Of course, in the apparatus provided with the steam ejector 4 as described above, the steam supply line 13 may be provided as a dedicated steam supply means 17 as the steam supply means 17 to the cooling tank 1.

Here, in the first embodiment described above, the second steam line 18 is connected to the upper part of the cooling tank 1 so as to supply steam from the upper part of the cooling tank 1. It is. Further, the vacuum suction line 2 is connected to a lower part of the cooling bath 1. Since steam has a lower specific gravity than air, when steam is supplied from the upper portion of the cooling tank 1 in this manner, air having a higher specific gravity than steam is pushed out from the lower portion of the cooling tank 1 by the steam.

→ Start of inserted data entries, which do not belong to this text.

(* Let $(R,\mathfrak{m})$ be a Noetherian local ring and let $I$ be an ideal of $R$. Let $x_1,\ldots,x_s,y$ be a minimal generating set of $I$ and $J=(x_1,\ldots,x_s)$. Then, for each integer $n\geq 2$, there is a short exact sequence of $R$-modules $$0\to \frac{H_1(x_1t,\ldots,x_st;\mathbf{R}(I))_n}{yt\,H_1(x_1t,\ldots,x_st;\mathbf{R}(I))_{n-1}}\longrightarrow H_1(x_1t,\ldots,x_st,yt;\mathbf{R}(I))_n\stackrel{\sigma_n}{\longrightarrow}\frac{JI^{n-1}:y^n}{JI^{n-2}:y^{n-1}}\to 0,$$ where $\sigma_n$ sends the homology class of a cycle $(w_1t^{n-1},\ldots,w_st^{n-1},w_{s+1}t^{n-1})$, $w_i\in I^{n-1}$, to the class of $a\in (JI^{n-1}:y^n)$, where $a\in R$ is such that $w_{s+1}=ay^{n-1}+b$ for some $b\in JI^{n-2}$.
   Context: $\mathbf{R}(I)=\bigoplus_{n\geq0}I^nt^n$ is the Rees algebra; $I^0=R$. For elements $z_1,\ldots,z_m$ of degree one of a graded ring $U=\bigoplus_n U_n$ (here $U=\mathbf{R}(I)$), $H_1(z_1,\ldots,z_m;U)_n$ is the first homology of the graded Koszul complex in degree $n$: $\wedge_2(R^m)\otimes U_{n-2}\xrightarrow{\partial_2}\wedge_1(R^m)\otimes U_{n-1}\xrightarrow{\partial_1}U_n$, with $\partial_2(e_i\wedge e_j\otimes u)=e_j\otimes z_iu-e_i\otimes z_ju$ and $\partial_1(e_i\otimes v)=z_iv$, where $e_1,\ldots,e_m$ is the standard basis of $R^m$. Thus cycles in degree $n$ are $m$-tuples in $U_{n-1}^m$. *)

theory Defs
  imports Main
begin

definition r_ideal :: "'a::comm_ring_1 set \<Rightarrow> bool" where
  "r_ideal I \<longleftrightarrow> 0 \<in> I \<and> (\<forall>a\<in>I. \<forall>b\<in>I. a + b \<in> I) \<and> (\<forall>r. \<forall>a\<in>I. r * a \<in> I)"

definition ideal_span :: "'a::comm_ring_1 set \<Rightarrow> 'a set" where
  "ideal_span S = \<Inter>{I. r_ideal I \<and> S \<subseteq> I}"

definition ideal_mult :: "'a::comm_ring_1 set \<Rightarrow> 'a set \<Rightarrow> 'a set" where
  "ideal_mult I J = ideal_span {a * b | a b. a \<in> I \<and> b \<in> J}"

fun ideal_pow :: "'a::comm_ring_1 set \<Rightarrow> nat \<Rightarrow> 'a set" where
  "ideal_pow I 0 = UNIV"
| "ideal_pow I (Suc k) = ideal_mult I (ideal_pow I k)"

definition colon :: "'a::comm_ring_1 set \<Rightarrow> 'a \<Rightarrow> 'a set" where
  "colon A b = {r. r * b \<in> A}"

definition maximal_ideal :: "'a::comm_ring_1 set \<Rightarrow> bool" where
  "maximal_ideal M \<longleftrightarrow> r_ideal M \<and> M \<noteq> UNIV \<and>
     (\<forall>J. r_ideal J \<and> M \<subseteq> J \<longrightarrow> J = M \<or> J = UNIV)"

definition noetherian_ring :: "'a::comm_ring_1 itself \<Rightarrow> bool" where
  "noetherian_ring _ \<longleftrightarrow> (\<forall>I::'a set. r_ideal I \<longrightarrow> (\<exists>F. finite F \<and> I = ideal_span F))"

definition local_ring :: "'a::comm_ring_1 itself \<Rightarrow> bool" where
  "local_ring _ \<longleftrightarrow> (\<exists>!M::'a set. maximal_ideal M)"

definition min_gen_set :: "'a::comm_ring_1 set \<Rightarrow> (nat \<Rightarrow> 'a) \<Rightarrow> nat \<Rightarrow> bool" where
  "min_gen_set I z m \<longleftrightarrow> I = ideal_span (z ` {..<m}) \<and>
     (\<forall>F. finite F \<and> ideal_span F = I \<longrightarrow> m \<le> card F)"

(* Degree-k part of the Rees algebra R(I), identified with I^k (U_{-1} = 0 handled below). *)

(* Koszul 1-cycles in degree k of z_0 t,...,z_{m-1} t on R(I): m-tuples in U_{k-1}
   (represented as functions nat => 'a vanishing from m on) killed by d_1. *)
definition kcyc :: "'a::comm_ring_1 set \<Rightarrow> (nat \<Rightarrow> 'a) \<Rightarrow> nat \<Rightarrow> nat \<Rightarrow> (nat \<Rightarrow> 'a) set" where
  "kcyc I z m k = {v. (\<forall>i<m. v i \<in> (if k = 0 then {0} else ideal_pow I (k - 1))) \<and>
                      (\<forall>i\<ge>m. v i = 0) \<and> (\<Sum>i<m. z i * v i) = 0}"

(* Koszul 1-boundaries in degree k: image of d_2 on wedge_2(R^m) \<otimes> U_{k-2}, where
   d_2(e_i \<and> e_j \<otimes> u) = e_j \<otimes> z_i u - e_i \<otimes> z_j u;  U_{k-2} = 0 when k < 2. *)
definition kbd :: "'a::comm_ring_1 set \<Rightarrow> (nat \<Rightarrow> 'a) \<Rightarrow> nat \<Rightarrow> nat \<Rightarrow> (nat \<Rightarrow> 'a) set" where
  "kbd I z m k = (if k < 2 then {\<lambda>_. 0} else
     {v. \<exists>u. (\<forall>i j. u i j \<in> ideal_pow I (k - 2)) \<and>
          v = (\<lambda>l. if l < m then (\<Sum>i<l. z i * u i l) - (\<Sum>j\<in>{l<..<m}. z j * u l j) else 0)})"

(* sigma-relation: a represents sigma_n of the cycle w (last coordinate index s) when
   w_s = a y^{n-1} + b with b \<in> J I^{n-2} *)
definition sigma_rep :: "'a::comm_ring_1 set \<Rightarrow> 'a set \<Rightarrow> 'a \<Rightarrow> nat \<Rightarrow> nat \<Rightarrow> (nat \<Rightarrow> 'a) \<Rightarrow> 'a \<Rightarrow> bool" where
  "sigma_rep I J y s n w a \<longleftrightarrow>
     (\<exists>b \<in> ideal_mult J (ideal_pow I (n - 2)). w s = a * y ^ (n - 1) + b)"

end

theory Submission
  imports Defs
begin

text \<open>Write \<open>z = (x\<^sub>1, \<dots>, x\<^sub>s, y)\<close>. Since \<open>I = J + (y)\<close>, every element of \<open>I\<^sup>n\<^sup>-\<^sup>1\<close> has the form
  \<open>a y\<^sup>n\<^sup>-\<^sup>1 + b\<close> with \<open>b \<in> JI\<^sup>n\<^sup>-\<^sup>2\<close>; applied to the last entry of a Koszul cycle \<open>w\<close> of \<open>zt\<close>, the cycle
  condition \<open>\<Sum> x\<^sub>i w\<^sub>i + y w\<^sub>s = 0\<close> gives \<open>a y\<^sup>n \<in> JI\<^sup>n\<^sup>-\<^sup>1\<close>. The last entry of a boundary is
  \<open>\<Sum> x\<^sub>i U\<^sub>i\<^sub>s \<in> JI\<^sup>n\<^sup>-\<^sup>2\<close>, so \<open>\<sigma>\<^sub>n\<close> is well defined, and \<open>c y\<^sup>n = \<Sum> x\<^sub>i g\<^sub>i\<close> yields the cycle
  \<open>(-g, c y\<^sup>n\<^sup>-\<^sup>1)\<close> mapping to \<open>c\<close>. A class lies in the kernel iff \<open>w\<^sub>s = \<Sum> x\<^sub>i h\<^sub>i \<in> JI\<^sup>n\<^sup>-\<^sup>2\<close>, and then
  subtracting the boundary of \<open>\<Sum> h\<^sub>i e\<^sub>i \<and> e\<^sub>s\<^sub>+\<^sub>1\<close> moves \<open>w\<close> onto a cycle of \<open>xt\<close>. The inclusion of cycles of
  \<open>xt\<close> is the required map: the \<open>e\<^sub>i \<and> e\<^sub>s\<^sub>+\<^sub>1\<close>-components of a boundary of \<open>zt\<close> that vanishes in the
  last coordinate contribute exactly \<open>yt\<close> times a cycle of \<open>xt\<close> of degree \<open>n - 1\<close>.\<close>

lemma r_ideal_zero: "r_ideal I \<Longrightarrow> 0 \<in> I"
  unfolding r_ideal_def by blast

lemma r_ideal_add: "r_ideal I \<Longrightarrow> a \<in> I \<Longrightarrow> b \<in> I \<Longrightarrow> a + b \<in> I"
  unfolding r_ideal_def by blast

lemma r_ideal_mult_left: "r_ideal I \<Longrightarrow> a \<in> I \<Longrightarrow> r * a \<in> I"
  unfolding r_ideal_def by blast

lemma r_ideal_mult_right: "r_ideal I \<Longrightarrow> a \<in> I \<Longrightarrow> a * r \<in> I"
  unfolding r_ideal_def by (metis mult.commute)

lemma r_ideal_uminus: "r_ideal I \<Longrightarrow> a \<in> I \<Longrightarrow> - a \<in> I"
  by (metis mult_minus1 r_ideal_mult_left)
text \<open>
  For a T-system of units \<open>t\<close> (the relations of \<open>T~_l(A_r)\<close> in a commutative ring), the ratios
  \<open>T_ratio t\<close> satisfy the Y-system, which gives \<open>\<phi>\<close>.

  Conversely, from a Y-system \<open>y\<close> we build a T-system \<open>\<tau>\<close> with \<open>T_ratio \<tau> = y\<close>. On the two
  slices \<open>u = 0, 1\<close> the relation \<open>T_ratio \<tau> = y\<close> is a recursion in \<open>m\<close>, whose solutions may be
  rescaled along the diagonals \<open>a + m = const\<close>; this freedom is used to make the boundary values of
  the two slices obey the spiral conditions. The spiral conditions then determine all boundary
  values as a periodic sequence along the perimeter, and the interior is propagated forwards and
  backwards in \<open>u\<close> by the T-system relation in the form
  \<open>\<tau> a m (u + 1) = \<tau> a (m - 1) u \<cdot> \<tau> a (m + 1) u \<cdot> (1 + y a m u) / \<tau> a m (u - 1)\<close>.
  The Y-system is exactly what is needed to carry \<open>T_ratio \<tau> = y\<close> from two consecutive slices to the next one.

  Sending \<open>T\<close> to \<open>\<tau>\<close> defines \<open>\<psi>\<close>; the composite \<open>\<psi> \<circ> \<phi>\<close> fixes every \<open>Y\<close>, hence also the
  generators \<open>Y\<^sup>-\<^sup>1\<close> and \<open>(1 + Y)\<^sup>-\<^sup>1\<close>, so it is the identity.
\<close>

section \<open>Presented rings\<close>

lemma in_rclass: "z \<in> rclass R e \<longleftrightarrow> req R z e"
  by (simp add: rclass_def)

lemma rclass_eq_iff: "rclass R x = rclass R y \<longleftrightarrow> req R x y"
proof
  assume "rclass R x = rclass R y"
  then have "x \<in> rclass R y" using req.refl[of R x] by (auto simp: rclass_def)
  then show "req R x y" by (simp add: in_rclass)
qed (auto simp: rclass_def intro: req.trans req.sym)

lemma rclass_eqI: "(x, y) \<in> R \<Longrightarrow> rclass R x = rclass R y"
  by (simp add: rclass_eq_iff req.rel)

lemma presented_ring_mult:
  "rclass R x \<otimes>\<^bsub>presented_ring G R\<^esub> rclass R y = rclass R (RMul x y)"
  unfolding presented_ring_def by (auto simp: rclass_def intro: req.refl req.trans req.mul_cong)

lemma presented_ring_add:
  "rclass R x \<oplus>\<^bsub>presented_ring G R\<^esub> rclass R y = rclass R (RAdd x y)"
  unfolding presented_ring_def by (auto simp: rclass_def intro: req.refl req.trans req.add_cong)

lemma presented_ring_one: "\<one>\<^bsub>presented_ring G R\<^esub> = rclass R ROne"
  unfolding presented_ring_def by simp

lemma presented_ring_zero: "\<zero>\<^bsub>presented_ring G R\<^esub> = rclass R RZero"
  unfolding presented_ring_def by simp

lemma presented_ring_carrier:
  "X \<in> carrier (presented_ring G R) \<longleftrightarrow> (\<exists>e. X = rclass R e \<and> gens e \<subseteq> G)"
  unfolding presented_ring_def by auto

lemma rclass_in_carrier: "gens e \<subseteq> G \<Longrightarrow> rclass R e \<in> carrier (presented_ring G R)"
  by (auto simp: presented_ring_carrier)

lemma presented_ring_carrierE:
  assumes "X \<in> carrier (presented_ring G R)"
  obtains e where "X = rclass R e" "gens e \<subseteq> G"
  using assms by (auto simp: presented_ring_carrier)

lemmas presented_ring_simps =
  presented_ring_mult presented_ring_add presented_ring_one presented_ring_zero rclass_eq_iff

lemma cring_presented_ring: "cring (presented_ring G R)"
proof -
  let ?P = "presented_ring G R"
  show ?thesis
  proof (rule cringI)
    show "abelian_group ?P"
    proof (rule abelian_groupI)
      fix x y assume "x \<in> carrier ?P" "y \<in> carrier ?P"
      then show "x \<oplus>\<^bsub>?P\<^esub> y \<in> carrier ?P"
        by (auto elim!: presented_ring_carrierE simp: presented_ring_add rclass_in_carrier)
    next
      show "\<zero>\<^bsub>?P\<^esub> \<in> carrier ?P"
        by (auto simp: presented_ring_zero intro!: rclass_in_carrier)
    next
      fix x y z assume "x \<in> carrier ?P" "y \<in> carrier ?P" "z \<in> carrier ?P"
      then show "x \<oplus>\<^bsub>?P\<^esub> y \<oplus>\<^bsub>?P\<^esub> z = x \<oplus>\<^bsub>?P\<^esub> (y \<oplus>\<^bsub>?P\<^esub> z)"
        by (clarsimp elim!: presented_ring_carrierE) (simp add: presented_ring_simps req.add_assoc)
    next
      fix x y assume "x \<in> carrier ?P" "y \<in> carrier ?P"
      then show "x \<oplus>\<^bsub>?P\<^esub> y = y \<oplus>\<^bsub>?P\<^esub> x"
        by (clarsimp elim!: presented_ring_carrierE) (simp add: presented_ring_simps req.add_comm)
    next
      fix x assume "x \<in> carrier ?P"
      then show "\<zero>\<^bsub>?P\<^esub> \<oplus>\<^bsub>?P\<^esub> x = x"
        by (clarsimp elim!: presented_ring_carrierE) (simp add: presented_ring_simps req.add_zero)
    next
      fix x assume "x \<in> carrier ?P"
      then obtain e where "x = rclass R e" "gens e \<subseteq> G"
        by (rule presented_ring_carrierE)
      then show "\<exists>y\<in>carrier ?P. y \<oplus>\<^bsub>?P\<^esub> x = \<zero>\<^bsub>?P\<^esub>"
        by (intro bexI[of _ "rclass R (RNeg e)"] rclass_in_carrier) (simp_all add: presented_ring_simps req.add_neg)
    qed
  next
    show "comm_monoid ?P"
    proof (rule comm_monoidI)
      fix x y assume "x \<in> carrier ?P" "y \<in> carrier ?P"
      then show "x \<otimes>\<^bsub>?P\<^esub> y \<in> carrier ?P"
        by (auto elim!: presented_ring_carrierE simp: presented_ring_mult rclass_in_carrier)
    next
      show "\<one>\<^bsub>?P\<^esub> \<in> carrier ?P"
        by (auto simp: presented_ring_one intro!: rclass_in_carrier)
    next
      fix x y z assume "x \<in> carrier ?P" "y \<in> carrier ?P" "z \<in> carrier ?P"
      then show "x \<otimes>\<^bsub>?P\<^esub> y \<otimes>\<^bsub>?P\<^esub> z = x \<otimes>\<^bsub>?P\<^esub> (y \<otimes>\<^bsub>?P\<^esub> z)"
        by (clarsimp elim!: presented_ring_carrierE) (simp add: presented_ring_simps req.mul_assoc)
    next
      fix x assume "x \<in> carrier ?P"
      then show "\<one>\<^bsub>?P\<^esub> \<otimes>\<^bsub>?P\<^esub> x = x"
        by (clarsimp elim!: presented_ring_carrierE) (simp add: presented_ring_simps req.mul_one)
    next
      fix x y assume "x \<in> carrier ?P" "y \<in> carrier ?P"
      then show "x \<otimes>\<^bsub>?P\<^esub> y = y \<otimes>\<^bsub>?P\<^esub> x"
        by (clarsimp elim!: presented_ring_carrierE) (simp add: presented_ring_simps req.mul_comm)
    qed
  next
    fix x y z assume "x \<in> carrier ?P" "y \<in> carrier ?P" "z \<in> carrier ?P"
    then show "(x \<oplus>\<^bsub>?P\<^esub> y) \<otimes>\<^bsub>?P\<^esub> z = x \<otimes>\<^bsub>?P\<^esub> z \<oplus>\<^bsub>?P\<^esub> y \<otimes>\<^bsub>?P\<^esub> z"
      by (clarsimp elim!: presented_ring_carrierE) (simp add: presented_ring_simps,
          meson req.trans req.mul_comm req.distrib req.add_cong)
  qed
qed

primrec eval_rexpr :: "('a, 'b) ring_scheme \<Rightarrow> ('g \<Rightarrow> 'a) \<Rightarrow> 'g rexpr \<Rightarrow> 'a" where
  "eval_rexpr S h (Gen g) = h g"
| "eval_rexpr S h RZero = \<zero>\<^bsub>S\<^esub>"
| "eval_rexpr S h ROne = \<one>\<^bsub>S\<^esub>"
| "eval_rexpr S h (RAdd x y) = eval_rexpr S h x \<oplus>\<^bsub>S\<^esub> eval_rexpr S h y"
| "eval_rexpr S h (RNeg x) = \<ominus>\<^bsub>S\<^esub> eval_rexpr S h x"
| "eval_rexpr S h (RMul x y) = eval_rexpr S h x \<otimes>\<^bsub>S\<^esub> eval_rexpr S h y"

definition lift_presented :: "('a, 'b) ring_scheme \<Rightarrow> ('g \<Rightarrow> 'a) \<Rightarrow> 'g rexpr set \<Rightarrow> 'a" where
  "lift_presented S h X = eval_rexpr S h (SOME e. e \<in> X)"

context cring
begin

lemma eval_rexpr_closed:
  assumes "\<And>g. h g \<in> carrier R"
  shows "eval_rexpr R h e \<in> carrier R"
  by (induction e) (auto simp: assms)

lemma eval_rexpr_req:
  assumes h: "\<And>g. h g \<in> carrier R"
    and rel: "\<And>x y. (x, y) \<in> Rl \<Longrightarrow> eval_rexpr R h x = eval_rexpr R h y"
    and "req Rl x y"
  shows "eval_rexpr R h x = eval_rexpr R h y"
  using \<open>req Rl x y\<close>
  by (induction rule: req.induct)
    (auto simp: rel eval_rexpr_closed[OF h] a_ac m_ac r_distr l_neg r_neg)

lemma lift_presented_rclass:
  assumes h: "\<And>g. h g \<in> carrier R"
    and rel: "\<And>x y. (x, y) \<in> Rl \<Longrightarrow> eval_rexpr R h x = eval_rexpr R h y"
  shows "lift_presented R h (rclass Rl e) = eval_rexpr R h e"
proof -
  have "(SOME e'. e' \<in> rclass Rl e) \<in> rclass Rl e"
    by (rule someI[of _ e]) (simp add: in_rclass req.refl)
  then show ?thesis
    unfolding lift_presented_def by (simp add: in_rclass eval_rexpr_req[OF h rel])
qed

Can be discharged. Therefore, the cooling tank 1 can be filled with steam without leaving air therein,
Reliable sterilization can be performed.

[0027]

As described above, according to the vacuum cooling device of the present invention, steam sterilization is performed not only in the cooling tank but also in piping such as a vacuum suction line while the cooling operation of the vacuum cooling device is stopped. Therefore, the propagation of various bacteria can be reliably prevented, and the generation of offensive odor can also be prevented. Further, when the cooling operation is stopped, the cooling tank can be used as a sterilizer for sterilizing cooking utensils and the like, and as a storage. Therefore, the vacuum cooling device according to the present invention is excellent in hygiene, and does not generate an odor even when the vacuum cooling device is stopped for a long time.

[Brief description of the drawings]

FIG. 1 is an explanatory diagram showing a schematic configuration of a first embodiment of a vacuum cooling device according to the present invention.

[Explanation of symbols]

 DESCRIPTION OF SYMBOLS 1 Cooling tank 2 Vacuum suction line 17 Steam supply means

 ──────────────────────────────────────────────────続 き Continuing on the front page (72) Inventor Yoshiminami Tsubota Miura Kogyo Co., Ltd., 7-7, Horie-cho, Matsuyama-shi, Ehime Prefecture (72) Inventor Kumi Matsuya 7-Cho, Horie-cho, Matsuyama-shi, Ehime 72) Inventor Kiyoya Tateishi 7-Horiecho, Matsuyama-shi, Ehime Miura Industrial Co., Ltd.

Claims (1)

[Claims] 1. A vacuum cooling device, comprising: steam supply means 17 for supplying steam into a cooling tank 1 of the vacuum cooling device while the cooling operation of the vacuum cooling device is stopped.